Graduation Registries and What the Experts Think

Each year it seems like people find more and more ways to register for events and milestones. Way back in 2015 we covered why baby showers are intended to be for the parents and, thus, thrown on the occasion of the birth of parents’ first child.

Just because the option to register is there doesn’t mean you must accept.

Retail stores exist by making money. Registries allow the customer to select for himself or herself items they would like to receive. Once the items are marked and the registry distributed, purchases of those items is all too easy, resulting in profits for the retail store.

Aside from the common baby shower and wedding registries, I’ve now seen graduation, divorce and first home registries. It seems like the expectation has been set that people believe themselves of not only deserving of a gift for any and every occasion, but they also seem to believe they have the right to dictate what people give.

We are not entitled to have other people support our lifestyle.

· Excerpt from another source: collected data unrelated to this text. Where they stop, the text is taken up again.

(* Let $\kappa\in[0,1)$. Define $S_{q,\kappa}$ as the supremum of $$S=\langle\psi|A_0\otimes B_{0,0}|\psi\rangle+\langle\psi|A_0\otimes B_{1,0}|\psi\rangle+\langle\psi|A_1\otimes B_{0,1}|\psi\rangle-\langle\psi|A_1\otimes B_{1,1}|\psi\rangle$$ over all finite-dimensional Hilbert spaces $H_A,H_B$, unit vectors $|\psi\rangle\in H_A\otimes H_B$, binary observables $A_0,A_1$ on $H_A$ and binary observables $B_{y,x}$ ($x,y\in\{0,1\}$) on $H_B$ satisfying $\|B_{y,0}-B_{y,1}\|\le2\kappa$ for $y\in\{0,1\}$ (operator norm). Then $$S_{q,\kappa}=\begin{cases}2\sqrt2\big(\kappa+\sqrt{1-\kappa^2}\big),&\kappa\in[0,\tfrac1{\sqrt2}],\\ 4,&\kappa\in[\tfrac1{\sqrt2},1).\end{cases}$$ This value is attained with $|\psi\rangle=\frac1{\sqrt2}(|00\rangle+|11\rangle)$, $A_0=\sigma_z$, $A_1=\sigma_x$ and: for $\kappa\in[0,1/\sqrt2]$, $B_{0,0}=\frac{-\kappa+\sqrt{1-\kappa^2}}{\sqrt2}\sigma_x+\frac{\kappa+\sqrt{1-\kappa^2}}{\sqrt2}\sigma_z$, $B_{0,1}=\frac{\kappa+\sqrt{1-\kappa^2}}{\sqrt2}\sigma_x+\frac{-\kappa+\sqrt{1-\kappa^2}}{\sqrt2}\sigma_z$, $B_{1,0}=\frac{\kappa-\sqrt{1-\kappa^2}}{\sqrt2}\sigma_x+\frac{\kappa+\sqrt{1-\kappa^2}}{\sqrt2}\sigma_z$, $B_{1,1}=\frac{-\kappa-\sqrt{1-\kappa^2}}{\sqrt2}\sigma_x+\frac{-\kappa+\sqrt{1-\kappa^2}}{\sqrt2}\sigma_z$; for $\kappa\in[1/\sqrt2,1)$, $B_{0,0}=B_{1,0}=\sigma_z$, $B_{0,1}=\sigma_x$, $B_{1,1}=-\sigma_x$.
   Context: A binary observable on a Hilbert space $H$ is an operator $O=\Pi^0-\Pi^1$ where $\{\Pi^0,\Pi^1\}$ is a two-outcome POVM on $H$ (equivalently a Hermitian $O$ with $-\mathbb 1\le O\le\mathbb 1$); outcome $0$ corresponds to $+1$. $B_{y,x}$ is Bob's observable for his input $y$ when Alice's input $x$ is leaked to him; the constraint $\|B_{y,0}-B_{y,1}\|\le 2\kappa$ expresses that at most $\kappa$ of Alice's input information leaks to Bob. $\sigma_x,\sigma_z$ are the Pauli matrices. *)

theory Defs
  imports "HOL-Analysis.Analysis" "Jordan_Normal_Form.Matrix"
begin

text \<open>Finite-dimensional Hilbert spaces are modelled as C^n (complex column vectors
of dimension n), operators as complex n x n matrices (Jordan_Normal_Form).\<close>

definition cinner :: "complex vec \<Rightarrow> complex vec \<Rightarrow> complex" where
  "cinner v w = (\<Sum>i<dim_vec v. cnj (v $ i) * w $ i)"

definition vnorm :: "complex vec \<Rightarrow> real" where
  "vnorm v = sqrt (\<Sum>i<dim_vec v. (cmod (v $ i))\<^sup>2)"

definition opnorm :: "complex mat \<Rightarrow> real" where
  "opnorm M = Sup {vnorm (M *\<^sub>v v) | v. v \<in> carrier_vec (dim_col M) \<and> vnorm v = 1}"

definition psd :: "nat \<Rightarrow> complex mat \<Rightarrow> bool" where
  "psd n P \<longleftrightarrow> P \<in> carrier_mat n n \<and>
     (\<forall>v \<in> carrier_vec n. cinner v (P *\<^sub>v v) \<in> \<real> \<and> 0 \<le> Re (cinner v (P *\<^sub>v v)))"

Registries have not always been common. For two occasions, I believe it to be perfectly acceptable to have a registry: your wedding/wedding shower and your baby shower.

Never, though, should the registry be on the actual inviation. Additionally, even with a registry, people are welcome to give anything they wish, and all gifts are deserving of a thank you note.

When you have a registry, it’s important to not only have a wide range of costs for the items, which allows people to pick their price point, but it’s important to keep in mind the tone of the registry.

I’ve seen registries that have a preface of something like, “Thanks for viewing our online registry! We aren’t into ‘stuff,’ so check out what you can get us!” This is usually followed by “Buy a portion of the newlyweds’ couple massage” that offers a way to purchase said gift in $50 increments. There is no personalization to this, and the message is cold.

I know there will be plenty of opinions on this, but I believe it’s important to pay attention to not only what we’re saying but how we’re saying it.

Here’s a quick link to further explain why graduation registries are a no-no.

“When I hear people are creating registries for high school graduation, I hear ‘Gimme, gimme, gimme,’ as opposed to congratulations,” said Lizzie Post, great-great-granddaughter of Emily Post and co-author of  Emily Post’s Etiquette, 18th Edition (Emily Post’s Etiquette). “They are absolutely not appropriate.”

Ms. Post, I agree. Thank you for reading!